Companies are now making up for losses in America and Europe, where the pandemic is still paralyzing parts of public life. “The latest Chinese economic data are further evidence that the upswing in China is on a broader footing and that growth is far from over after the recovery process,” says Deutsche Bank’s chief investment strategist, Ulrich Stephan.

BASF Verbund site

Accordingly, Germany’s companies are steadfastly relying on the country. Like BASF. Another large Verbund site is to be built in Guangdong for ten billion dollars by the middle of the decade, which Europe’s largest chemical manufacturer intends to operate independently. In addition, BASF and its partner Sinopec are planning to build a cracker in Nanjing.

Mr. Dai Hou-Liang (left), Chairman of the Board and the President of SINOPEC Corporation, and Dr. Martin Brudermueller, Chairman of the Executive Board of Directors, BASF SE, have signed a Memorandum of Understanding to expand the two companies’ cooperation in China.

This is a large-scale plant with which oil or natural gas is broken down into basic chemical components such as ethylene, propylene and butadiene. Such basic chemicals are the basis for chemical by-products.

In the opinion of CEO Martin Brudermüller, these are systems that are expected to be in operation for 40 or 50 years: “We will not change the strategy just because the times are just a little rough,” said Brudermüller more than one person Year.

At that time, the trade conflict between the US and China reached its preliminary climax.
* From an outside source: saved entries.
(* Let $y \in L^2_{\mathbb{C}}(0,2)$ and suppose $x \in L^2_{\mathbb{C}}(0,1)$ satisfies $$\int_0^s x(s-q)\,x(q)\,dq = y(s) \quad \text{for almost all } s\in[0,2]$$ (with the convention that $x$ is extended by zero outside $[0,1]$). Then the set of all solutions $z\in L^2_{\mathbb{C}}(0,1)$ of this equation (i.e. $\int_0^s z(s-q)z(q)\,dq = y(s)$ for almost all $s\in[0,2]$) is exactly $\{x,-x\}$, where functions are identified if they agree almost everywhere.
   Context: $L^2_{\mathbb{C}}(0,a)$ denotes the Hilbert space of square-integrable complex-valued functions on $(0,a)$ with norm $\|z\|=\left(\int_0^a|z(q)|^2dq\right)^{1/2}$. Functions on $[0,1]$ are extended by zero to all of $\mathbb{R}$, so that for $1<s\le 2$ the integral $\int_0^s x(s-q)x(q)\,dq$ effectively runs over $q\in[s-1,1]$. This is the autoconvolution equation with constant kernel $k\equiv 1$. *)

theory Defs
  imports "HOL-Analysis.Analysis"
begin

definition L2C :: "real \<Rightarrow> (real \<Rightarrow> complex) \<Rightarrow> bool" where
  "L2C a f \<longleftrightarrow> set_borel_measurable lborel {0<..<a} f \<and>
     set_integrable lborel {0<..<a} (\<lambda>q. (cmod (f q))^2)"

definition ext01 :: "(real \<Rightarrow> complex) \<Rightarrow> real \<Rightarrow> complex" where
  "ext01 f q = (if q \<in> {0..1} then f q else 0)"

definition autoconv :: "(real \<Rightarrow> complex) \<Rightarrow> real \<Rightarrow> complex" where
  "autoconv f s = (LINT q:{0..s}|lborel. ext01 f (s - q) * ext01 f q)"

definition solves_autoconv :: "(real \<Rightarrow> complex) \<Rightarrow> (real \<Rightarrow> complex) \<Rightarrow> bool" where
  "solves_autoconv y z \<longleftrightarrow> (AE s in lborel. s \<in> {0..2} \<longrightarrow> autoconv z s = y s)"

end

theory Submission
  imports Defs "HOL-Library.Function_Algebras"
begin

text \<open>
  The moments of an integrable function vanishing outside a compact interval determine it almost
  everywhere: by Weierstrass approximation they determine its integrals over all half-lines, and
  these determine its density. The moment sequence of a convolution is the binomial convolution
  of the moment sequences, i.e. the coefficient sequence of the product of the exponential
  generating functions, and such products have no zero divisors. So if \<open>x * x = z * z\<close>,
  then \<open>(m\<^sub>x - m\<^sub>z)(m\<^sub>x + m\<^sub>z) = 0\<close> for the moment sequences, whence
  \<open>m\<^sub>z = \<plusminus>m\<^sub>x\<close> and \<open>z = \<plusminus>x\<close> almost everywhere.
\<close>

lemma emeasure_density_greaterThan:
  fixes g :: "real \<Rightarrow> real"
  assumes g: "integrable lborel g"
  shows "emeasure (density lborel (\<lambda>t. ennreal (g t))) {a<..} =
           ennreal (LINT t:{a<..}|lborel. max 0 (g t))"
proof -
  have [measurable]: "g \<in> borel_measurable borel" using g by auto
  have "emeasure (density lborel (\<lambda>t. ennreal (g t))) {a<..} =
          (\<integral>\<^sup>+ t. ennreal (indicator {a<..} t * max 0 (g t)) \<partial>lborel)"
    by (subst emeasure_density)
       (auto intro!: nn_integral_cong simp: indicator_def max_def ennreal_neg)
  also have "\<dots> = ennreal (LINT t:{a<..}|lborel. max 0 (g t))"
    unfolding set_lebesgue_integral_def
    by (subst nn_integral_eq_integral)
       (auto intro!: Bochner_Integration.integrable_bound[OF integrable_norm[OF g]]
             simp: indicator_def abs_ge_self)
  finally show ?thesis .
qed

lemma AE_zero_if_integrals_greaterThan_zero:
  fixes f :: "real \<Rightarrow> real"
  assumes f: "integrable lborel f" and zero: "\<And>a. (LINT t:{a<..}|lborel. f t) = 0"
  shows "AE t in lborel. f t = 0"
proof -
  have [measurable]: "f \<in> borel_measurable borel" using f by auto
  have f': "integrable lborel (\<lambda>t. - f t)" using f by auto
  have "density lborel (\<lambda>t. ennreal (f t)) = density lborel (\<lambda>t. ennreal (- f t))"
  proof (rule measure_eqI_lessThan)
    fix a :: real
    show "emeasure (density lborel (\<lambda>t. ennreal (f t))) {a<..} < \<infinity>"
      using emeasure_density_greaterThan[OF f] by simp
    have int: "set_integrable lborel {a<..} (\<lambda>t. max 0 (h t))"
      if "integrable lborel h" for h :: "real \<Rightarrow> real"
      unfolding set_integrable_def
      by (rule Bochner_Integration.integrable_bound[OF integrable_norm[OF that]])
         (use that in \<open>auto simp: indicator_def\<close>)
    have "(LINT t:{a<..}|lborel. f t) =
            (LINT t:{a<..}|lborel. max 0 (f t)) - (LINT t:{a<..}|lborel. max 0 (- f t))"
      by (subst set_integral_diff(2)[symmetric]) (auto intro!: int f f' set_lebesgue_integral_cong)
    then show "emeasure (density lborel (\<lambda>t. ennreal (f t))) {a<..} =
               emeasure (density lborel (\<lambda>t. ennreal (- f t))) {a<..}"
      using zero[of a]
      by (simp add: emeasure_density_greaterThan[OF f] emeasure_density_greaterThan[OF f'])
  qed auto
  then have "AE t in lborel. ennreal (f t) = ennreal (- f t)"
    by (intro sigma_finite_measure.density_unique[OF sigma_finite_lborel]) auto
  then show ?thesis
    by eventually_elim
      (metis ennreal_neg linorder_le_cases neg_0_le_iff_le neg_le_0_iff_le ennreal_eq_0_iff
        order.antisym)
qed

definition moment :: "nat \<Rightarrow> (real \<Rightarrow> complex) \<Rightarrow> complex" where
  "moment k f = (\<integral>t. of_real t ^ k * f t \<partial>lborel)"

lemma integrable_power_mult:
  fixes f :: "real \<Rightarrow> complex"
  assumes f: "integrable lborel f" and supp: "\<And>t. t \<notin> {a..b} \<Longrightarrow> f t = 0"
  shows "integrable lborel (\<lambda>t. of_real t ^ k * f t)"
proof (rule Bochner_Integration.integrable_bound)
  show "integrable lborel (\<lambda>t. max \<bar>a\<bar> \<bar>b\<bar> ^ k * norm (f t))"
    using f by auto
  show "(\<lambda>t. of_real t ^ k * f t) \<in> borel_measurable lborel"
    using f by auto
  show "AE t in lborel. norm (of_real t ^ k * f t) \<le> norm (max \<bar>a\<bar> \<bar>b\<bar> ^ k * norm (f t))"
  proof (rule AE_I2)
    fix t
    show "norm (of_real t ^ k * f t) \<le> norm (max \<bar>a\<bar> \<bar>b\<bar> ^ k * norm (f t))"
    proof (cases "t \<in> {a..b}")
      case True
      then have "\<bar>t\<bar> ^ k \<le> max \<bar>a\<bar> \<bar>b\<bar> ^ k" by (intro power_mono) auto
      then show ?thesis by (simp add: norm_mult norm_power mult_right_mono)
    qed (simp add: supp)
  qed
qed

lemma integral_polynomial_mult_eq_0:
  fixes f :: "real \<Rightarrow> complex"
  assumes f: "integrable lborel f" and supp: "\<And>t. t \<notin> {a..b} \<Longrightarrow> f t = 0"
    and zero: "\<And>k. moment k f = 0" and p: "real_polynomial_function p"
  shows "(\<integral>t. of_real (p t) * f t \<partial>lborel) = 0"
proof -
  obtain c n where p_eq: "p = (\<lambda>t. \<Sum>i\<le>n. c i * t ^ i)"
    using p real_polynomial_function_iff_sum by blast
  have "(\<integral>t. of_real (p t) * f t \<partial>lborel) =
          (\<integral>t. (\<Sum>i\<le>n. of_real (c i) * (of_real t ^ i * f t)) \<partial>lborel)"
    by (simp add: p_eq sum_distrib_right mult.assoc)
  also have "\<dots> = (\<Sum>i\<le>n. of_real (c i) * moment i f)"
    unfolding moment_def
    by (subst Bochner_Integration.integral_sum)
       (auto intro: integrable_power_mult[OF f supp] simp: integral_mult_right_zero)
  finally show ?thesis using zero by simp
qed

lemma real_polynomials_tendsto_indicator_greaterThan:
  fixes a b c :: real
  obtains p :: "nat \<Rightarrow> real \<Rightarrow> real"
  where "\<And>k. real_polynomial_function (p k)"
    and "\<And>k t. t \<in> {a..b} \<Longrightarrow> \<bar>p k t\<bar> \<le> 2"
    and "\<And>t. t \<in> {a..b} \<Longrightarrow> (\<lambda>k. p k t) \<longlonglongrightarrow> indicator {c<..} t"
proof -
  define \<phi> where "\<phi> k t = max 0 (min 1 ((t - c) * real (Suc k)))" for k t
  have \<phi>_lim: "(\<lambda>k. \<phi> k t) \<longlonglongrightarrow> indicator {c<..} t" for t
  proof (cases "c < t")
    case True
    obtain N :: nat where N: "inverse (t - c) < real N"
      using reals_Archimedean2 by blast
    have "\<phi> k t = 1" if "k \<ge> N" for k
    proof -
      have "1 < (t - c) * real N" using N True by (simp add: field_simps)
      also have "\<dots> \<le> (t - c) * real (Suc k)" using that True by (intro mult_left_mono) auto
      finally show ?thesis unfolding \<phi>_def by simp
    qed
    then show ?thesis
      using True by (intro tendsto_eventually) (auto simp: eventually_sequentially)
  next
    case False
    have "\<phi> k t = 0" for k
    proof -
      have "(t - c) * real (Suc k) \<le> 0" using False by (intro mult_nonpos_nonneg) auto
      then show ?thesis unfolding \<phi>_def by (simp add: min_def max_def)
    qed
    then show ?thesis using False by simp
  qed
  have "\<exists>p. real_polynomial_function p \<and>
             (\<forall>t\<in>{a..b}. \<bar>\<phi> k t - p t\<bar> < inverse (Suc k))" for k
  proof -
    have cont: "continuous_on {a..b} (\<phi> k)" unfolding \<phi>_def by (intro continuous_intros)
    obtain p where "real_polynomial_function p"
      "\<And>t. t \<in> {a..b} \<Longrightarrow> \<bar>\<phi> k t - p t\<bar> < inverse (Suc k)"
      by (rule Stone_Weierstrass_real_polynomial_function[OF compact_Icc cont]) auto
    then show ?thesis by blast
  qed
  then obtain p where p_poly: "\<And>k. real_polynomial_function (p k)"
    and p_approx: "\<And>k t. t \<in> {a..b} \<Longrightarrow> \<bar>\<phi> k t - p k t\<bar> < inverse (Suc k)"
    by metis
  show thesis
  proof (rule that[OF p_poly])
    fix k t assume t: "t \<in> {a..b}"
    have "\<bar>\<phi> k t\<bar> \<le> 1" "inverse (real (Suc k)) \<le> 1"
      by (auto simp: \<phi>_def inverse_le_1_iff)
    then show "\<bar>p k t\<bar> \<le> 2" using p_approx[OF t, of k] by linarith
  next
    fix t assume t: "t \<in> {a..b}"
    have "(\<lambda>k. p k t - \<phi> k t) \<longlonglongrightarrow> 0"
      by (rule Lim_null_comparison[OF _ LIMSEQ_inverse_real_of_nat])
         (use p_approx[OF t] in \<open>auto intro!: always_eventually less_imp_le simp: abs_minus_commute\<close>)
    from tendsto_add[OF \<phi>_lim[of t] this]
    show "(\<lambda>k. p k t) \<longlonglongrightarrow> indicator {c<..} t" by simp
  qed
qed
Such disruptions have no influence on the investment intentions of German companies. The insurance company Ergo is also expanding its China business.

The subsidiary of the reinsurer Munich Re took over almost 25 percent of the shares in the state property and casualty insurer Taishan Insurance. Ergo is already active in life and health insurance. “China plays a central role in our global portfolio,” said Ergo boss Markus Rieß.


Volkswagen wants to become a leader in electromobility in the world’s largest car market with equity investments. CEO Herbert Diess never misses an opportunity to emphasize how important the country is: “In the next few decades the power center of the automotive industry will be in China,” he told journalists in Beijing. “The future of Volkswagen will be decided on the Chinese market.”

In April 2020, the group in China had almost reached the delivery figures of the previous year – i.e. at a time when the market in Europe and the USA was just bottoming out.